Poin Penting:
- Departemen Teknik Kelautan (FTK) ITS Surabaya menyelenggarakan seminar tentang perkembangan teknologi kapal selam di Indonesia.
- Seminar ini diikuti oleh berbagai pihak penting, mulai dari TNI Angkatan Laut (AL), PT PAL Indonesia, ExxonMobil, hingga perusahaan pembuat kapal selam asal Belanda, Nevesbu.
- Indonesia memerlukan kapal selam yang handal guna mempertahankan kedaulatan laut serta jalur komunikasi di bawah permukaan air.

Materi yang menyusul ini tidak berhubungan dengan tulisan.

lemma dag_cond_prob_parents_eq:
  assumes "ordered_partition {1..n} Hs" and "0 < p" and "p < 1"
  shows "dag_cond_prob n p (\<lambda>E. \<forall>v\<in>{1..n}. Pa E v = S v) (\<lambda>E. is_tower n E Hs)
    = (\<Prod>v\<in>{1..n}. dag_cond_prob n p (\<lambda>E. Pa E v = S v) (\<lambda>E. is_tower n E Hs))"
  using dag_cond_prob_tower_parents[OF assms(1), of p "\<lambda>v. {S v}"] assms
  by (simp add: dag_cond_prob_parent_eq)

section \<open>The law of the tower vector\<close>

definition fixed_tower_weight :: "real \<Rightarrow> nat list \<Rightarrow> real" where
  "fixed_tower_weight p h =
     (\<Prod>k\<in>{1..<length h}.
        (1 - (1 - p) ^ (h ! (k - 1))) ^ (h ! k) / (1 - p) ^ (h ! k * sum_list (take k h)))"

lemma tower_weight_eq_fixed_tower_weight:
  "tower_weight n p h = fact n / (\<Prod>i<length h. fact (h ! i)) * fixed_tower_weight p h"
  by (simp add: tower_weight_def fixed_tower_weight_def)

lemma sum_admissible_parents_eq:
  fixes p :: real
  assumes P: "ordered_partition A Hs" and "finite A" and k: "0 < k" "k < length Hs" and "p < 1"
  shows "(\<Sum>S\<in>admissible_parents Hs k. (p / (1 - p)) ^ card S)
    = (1 - (1 - p) ^ card (Hs ! (k - 1))) / (1 - p) ^ sum_list (take k (map card Hs))"
proof -
  define B where "B = \<Union>(set (take k Hs))"
  define H where "H = Hs ! (k - 1)"
  have B: "B = {v \<in> A. level Hs v < k}" and H: "H = {v \<in> A. level Hs v = k - 1}"
    using k by (simp_all add: B_def H_def Union_take_eq_level[OF P] nth_eq_level[OF P])
  then have "H \<subseteq> B" and "finite B"
    using k \<open>finite A\<close> by auto
  moreover have "card B = sum_list (take k (map card Hs))"
    unfolding B_def using P \<open>finite A\<close> by (rule card_Union_take)
  moreover have "admissible_parents Hs k = {S. S \<subseteq> B \<and> S \<inter> H \<noteq> {}}"
    using k by (simp add: admissible_parents_def B_def H_def)
  moreover have "1 + p / (1 - p) = 1 / (1 - p)"
    using \<open>p < 1\<close> by (simp add: field_simps)
  moreover have "card H \<le> card B"
    using \<open>H \<subseteq> B\<close> \<open>finite B\<close> by (rule card_mono[rotated])
  ultimately show ?thesis
    using \<open>p < 1\<close> by (simp add: sum_power_card_meeting inverse_power_diff_power H_def)
qed

lemma sum_weight_tower:
  assumes P: "ordered_partition {1..n} Hs" and "p < 1"
  shows "(\<Sum>E\<in>{E \<in> dags n. is_tower n E Hs}. dag_weight p E) = fixed_tower_weight p (map card Hs)"
proof -
  let ?Z = "\<lambda>k. \<Sum>S\<in>admissible_parents Hs k. (p / (1 - p)) ^ card S"
  have "(\<Sum>E\<in>{E \<in> dags n. is_tower n E Hs}. dag_weight p E) = (\<Prod>v\<in>{1..n}. ?Z (level Hs v))"
    using sum_weight_tower_parents[OF P, where T = "\<lambda>_. UNIV"] by simp
  also have "\<dots> = (\<Prod>k<length Hs. ?Z k ^ card (Hs ! k))"
    by (rule prod_level[OF P]) simp
  also have "\<dots> = (\<Prod>k\<in>{1..<length Hs}. ?Z k ^ card (Hs ! k))"
    by (rule prod.mono_neutral_right) (auto simp: admissible_parents_def)
  also have "\<dots> = fixed_tower_weight p (map card Hs)"
    unfolding fixed_tower_weight_def
  proof (rule prod.cong)
    fix k assume "k \<in> {1..<length (map card Hs)}"
    then have "0 < k" "k < length Hs" "k - 1 < length Hs"
      by auto
    then show "?Z k ^ card (Hs ! k) = (1 - (1 - p) ^ (map card Hs ! (k - 1))) ^ (map card Hs ! k)
        / (1 - p) ^ (map card Hs ! k * sum_list (take k (map card Hs)))"
      using sum_admissible_parents_eq[OF P _ _ _ \<open>p < 1\<close>]
      by (simp add: power_divide power_mult[symmetric] mult.commute)
  qed simp
  finally show ?thesis .
qed

lemma finite_compositions: "finite (compositions n)"
proof (rule finite_subset)
  have "length h \<le> sum_list h" if "\<forall>x\<in>set h. 0 < x" for h :: "nat list"
    using that by (induction h) auto
  then show "compositions n \<subseteq> {h. set h \<subseteq> {0..n} \<and> length h \<le> n}"
    unfolding compositions_def using member_le_sum_list by fastforce
  show "finite {h. set h \<subseteq> {0..n} \<and> length h \<le> n}"
    by (rule finite_lists_length_le) simp
qed

lemma ordered_partition_compositions:
  assumes "ordered_partition {1..n} Hs"
  shows "map card Hs \<in> compositions n"
proof -
  have "sum_list (map card Hs) = n"
    using card_Union_take[OF assms, of "length Hs"] assms by (simp add: ordered_partition_def)
  moreover have "0 < card X" if "X \<in> set Hs" for X
  proof -
    have "X \<noteq> {}" and "X \<subseteq> {1..n}"
      using assms that unfolding ordered_partition_def by auto
    then show ?thesis
      by (simp add: card_gt_0_iff finite_subset)
  qed
  ultimately show ?thesis
    by (auto simp: compositions_def)
qed

lemma sum_weight_tower_vector:
  assumes "p < 1" and h: "h \<in> compositions n"
  shows "(\<Sum>E\<in>{E \<in> dags n. has_tower_vector n E h}. dag_weight p E) = tower_weight n p h"
proof -
  let ?parts = "{Hs. ordered_partition {1..n} Hs \<and> map card Hs = h}"
  have "{E \<in> dags n. has_tower_vector n E h} = (\<Union>Hs\<in>?parts. {E \<in> dags n. is_tower n E Hs})"
    unfolding has_tower_vector_def using tower_ordered_partition by auto
  moreover have "{E \<in> dags n. is_tower n E Hs} \<inter> {E \<in> dags n. is_tower n E Hs'} = {}" if "Hs \<noteq> Hs'" for Hs Hs'
    using tower_unique that by blast
  ultimately have "(\<Sum>E\<in>{E \<in> dags n. has_tower_vector n E h}. dag_weight p E)
      = (\<Sum>Hs\<in>?parts. \<Sum>E\<in>{E \<in> dags n. is_tower n E Hs}. dag_weight p E)"
    using finite_ordered_partitions[of "{1..n}" h] finite_dags by (simp add: sum.UNION_disjoint)
  also have "\<dots> = real (card ?parts) * fixed_tower_weight p h"
    using sum_weight_tower \<open>p < 1\<close> by simp
  also have "\<dots> = tower_weight n p h"
    using h card_ordered_partitions[of "{1..n}" h]
    by (simp add: compositions_def tower_weight_eq_fixed_tower_weight)
  finally show ?thesis .
qed

lemma sum_weight_dags:
  assumes "p < 1"
  shows "(\<Sum>E\<in>dags n. dag_weight p E) = (\<Sum>h\<in>compositions n. tower_weight n p h)"
proof -
  have cover: "(\<Union>h\<in>compositions n. {E \<in> dags n. has_tower_vector n E h}) = dags n"
    using tower_exists tower_ordered_partition ordered_partition_compositions
    unfolding has_tower_vector_def by fast
  have "{E \<in> dags n. has_tower_vector n E h} \<inter> {E \<in> dags n. has_tower_vector n E h'} = {}"
    if "h \<noteq> h'" for h h'
    using tower_unique that unfolding has_tower_vector_def by blast
  then have "(\<Sum>E\<in>(\<Union>h\<in>compositions n. {E \<in> dags n. has_tower_vector n E h}). dag_weight p E)
      = (\<Sum>h\<in>compositions n. \<Sum>E\<in>{E \<in> dags n. has_tower_vector n E h}. dag_weight p E)"
    using finite_compositions finite_dags by (simp add: sum.UNION_disjoint)
  then have "(\<Sum>E\<in>dags n. dag_weight p E)
      = (\<Sum>h\<in>compositions n. \<Sum>E\<in>{E \<in> dags n. has_tower_vector n E h}. dag_weight p E)"
    by (simp only: cover)
  also have "\<dots> = (\<Sum>h\<in>compositions n. tower_weight n p h)"
    using sum_weight_tower_vector[OF assms] by simp
  finally show ?thesis .
qed

theorem lemma3:
  fixes n :: nat and p :: real and h :: "nat list" and Hs :: "nat set list"
  assumes p0: "0 < p" and p1: "p < 1"
    and hpos: "\<forall>x\<in>set h. 0 < x" and hsum: "sum_list h = n"
    and Hlen: "length Hs = length h"
    and Hcard: "\<forall>i<length h. card (Hs ! i) = h ! i"
    and Hdisj: "\<forall>i<length Hs. \<forall>k<length Hs. i \<noteq> k \<longrightarrow> Hs ! i \<inter> Hs ! k = {}"
    and Hunion: "\<Union>(set Hs) = {1..n}"
  shows
    "dag_prob n p (\<lambda>E. has_tower_vector n E h)
       = tower_weight n p h / (\<Sum>h'\<in>compositions n. tower_weight n p h')
     \<and> (\<forall>S :: nat \<Rightarrow> nat set.
          dag_cond_prob n p (\<lambda>E. \<forall>v\<in>{1..n}. Pa E v = S v) (\<lambda>E. is_tower n E Hs)
          = (\<Prod>v\<in>{1..n}. dag_cond_prob n p (\<lambda>E. Pa E v = S v) (\<lambda>E. is_tower n E Hs)))
     \<and> (\<forall>v. 0 < length Hs \<and> v \<in> Hs ! 0 \<longrightarrow> dag_cond_prob n p (\<lambda>E. Pa E v = {}) (\<lambda>E. is_tower n E Hs) = 1)
     \<and> (\<forall>j. 1 \<le> j \<and> j < length Hs \<longrightarrow>
          (\<exists>C::real. \<forall>v\<in>Hs ! j. \<forall>S.
             dag_cond_prob n p (\<lambda>E. Pa E v = S) (\<lambda>E. is_tower n E Hs)
             = (if S \<subseteq> \<Union>(set (take j Hs)) \<and> S \<inter> Hs ! (j - 1) \<noteq> {}
                then C * (p / (1 - p)) ^ card S else 0)))"
proof -
  have "{} \<notin> set Hs"
    using hpos Hcard Hlen by (auto simp: in_set_conv_nth) (metis card.empty less_irrefl nth_mem)
  then have P: "ordered_partition {1..n} Hs"
    using Hdisj Hunion by (simp add: ordered_partition_def disjoint_family_on_def)
  have "h \<in> compositions n"
    using hpos hsum by (simp add: compositions_def)
  have layer: "v \<in> {1..n} \<and> level Hs v = j" if "j < length Hs" "v \<in> Hs ! j" for j v
    using nth_eq_level[OF P] that by auto
  let ?Z = "\<lambda>j. \<Sum>S\<in>admissible_parents Hs j. (p / (1 - p)) ^ card S"
  show ?thesis
  proof (intro conjI allI impI)
    show "dag_prob n p (\<lambda>E. has_tower_vector n E h)
       = tower_weight n p h / (\<Sum>h'\<in>compositions n. tower_weight n p h')"
      using sum_weight_tower_vector[OF p1 \<open>h \<in> compositions n\<close>] sum_weight_dags[OF p1]
      by (simp add: dag_prob_def)
    show "dag_cond_prob n p (\<lambda>E. \<forall>v\<in>{1..n}. Pa E v = S v) (\<lambda>E. is_tower n E Hs)
        = (\<Prod>v\<in>{1..n}. dag_cond_prob n p (\<lambda>E. Pa E v = S v) (\<lambda>E. is_tower n E Hs))" for S
      by (rule dag_cond_prob_parents_eq[OF P p0 p1])
    show "dag_cond_prob n p (\<lambda>E. Pa E v = {}) (\<lambda>E. is_tower n E Hs) = 1"
      if "0 < length Hs \<and> v \<in> Hs ! 0" for v
      using that layer[of 0 v] dag_cond_prob_parent_eq[OF P p0 p1]
      by (simp add: parent_prob_singleton admissible_parents_def)
    show "\<exists>C. \<forall>v\<in>Hs ! j. \<forall>S. dag_cond_prob n p (\<lambda>E. Pa E v = S) (\<lambda>E. is_tower n E Hs)
        = (if S \<subseteq> \<Union>(set (take j Hs)) \<and> S \<inter> Hs ! (j - 1) \<noteq> {} then C * (p / (1 - p)) ^ card S else 0)"
      if "1 \<le> j \<and> j < length Hs" for j
      using that layer[of j] dag_cond_prob_parent_eq[OF P p0 p1]
      by (intro exI[of _ "1 / ?Z j"]) (simp add: parent_prob_singleton admissible_parents_def)
  qed
qed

Jurnalis Tribun Jatim Network, Sulvi Sofiana
10drama.com -, SURABAYA– Institut Teknologi Sepuluh Nopember (ITS) Surabaya berupaya menciptakan pusat pengembangan teknologi kapal selam pertama di Indonesia.
Dorongan tersebut diungkapkan dalam seminar yang diselenggarakan Fakultas Teknologi Kelautan (FTK) ITS Surabaya melalui Laboratorium Marine Manufacturing and Design (MMD) Departemen Teknik Sistem Perkapalan (DTSP), di Gedung Nasdec ITS Surabaya, Selasa (19/8/2025).
Ketua Fakultas Teknik Kelautan (FTK) Institut Teknologi Sepuluh Nopember (ITS) Surabaya, Dr Ing Ir Setyo Nugroho, menyatakan bahwa seminar ini melibatkan berbagai pihak penting, seperti TNI Angkatan Laut (AL), PT PAL Indonesia, ExxonMobil, serta perusahaan desain kapal selam dari Belanda, Nevesbu.
“Seminar ini merupakan awal dari terbentuknya pusat pengembangan teknologi kapal selam di Indonesia,” katanya.
Selain mendukung kemandirian keamanan, kegiatan ini turut berkontribusi dalam mencapai Tujuan Pembangunan Berkelanjutan (SDGs) nomor 9, yaitu industri, inovasi, dan infrastruktur.
Laksamana Pertama TNI AL, Muhammad Iwan Kusumah SE menyatakan bahwa Indonesia memerlukan kapal selam yang handal dalam menjaga kedaulatan laut serta jalur komunikasi bawah permukaan.
“Terdapat lima pilar yang perlu dibentuk, yakni pendanaan, kapasitas industri, infrastruktur, sumber daya manusia, serta sistem keselamatan,” ujarnya.
Dari segi teknologi, Albert Jurgens, Direktur Komersial Nevesbu, menyampaikan bahwa pihaknya telah menciptakan kapal selam listrik tipe Moray 600E yang dianggap sesuai dengan kebutuhan Indonesia.
Kapal selam ini dibuat untuk beroperasi di perairan dangkal selama dua minggu dan dilengkapi dengan sistem yang sederhana, sehingga biaya pemeliharaannya lebih murah.
“Model ini dapat menjadi contoh bagi Indonesia dalam membangun pusat pengembangan kapal selam,” ujar Albert.
Seminar yang diselenggarakan di gedung National Ship Design and Engineering Center (Nasdec) ITS ini turut dihadiri oleh perwakilan lembaga pendidikan, antara lain TU Delft, Sekolah Tinggi Teknologi Angkatan Laut (STTAL), Akademi Angkatan Laut (AAL), serta Politeknik Pelayaran Surabaya.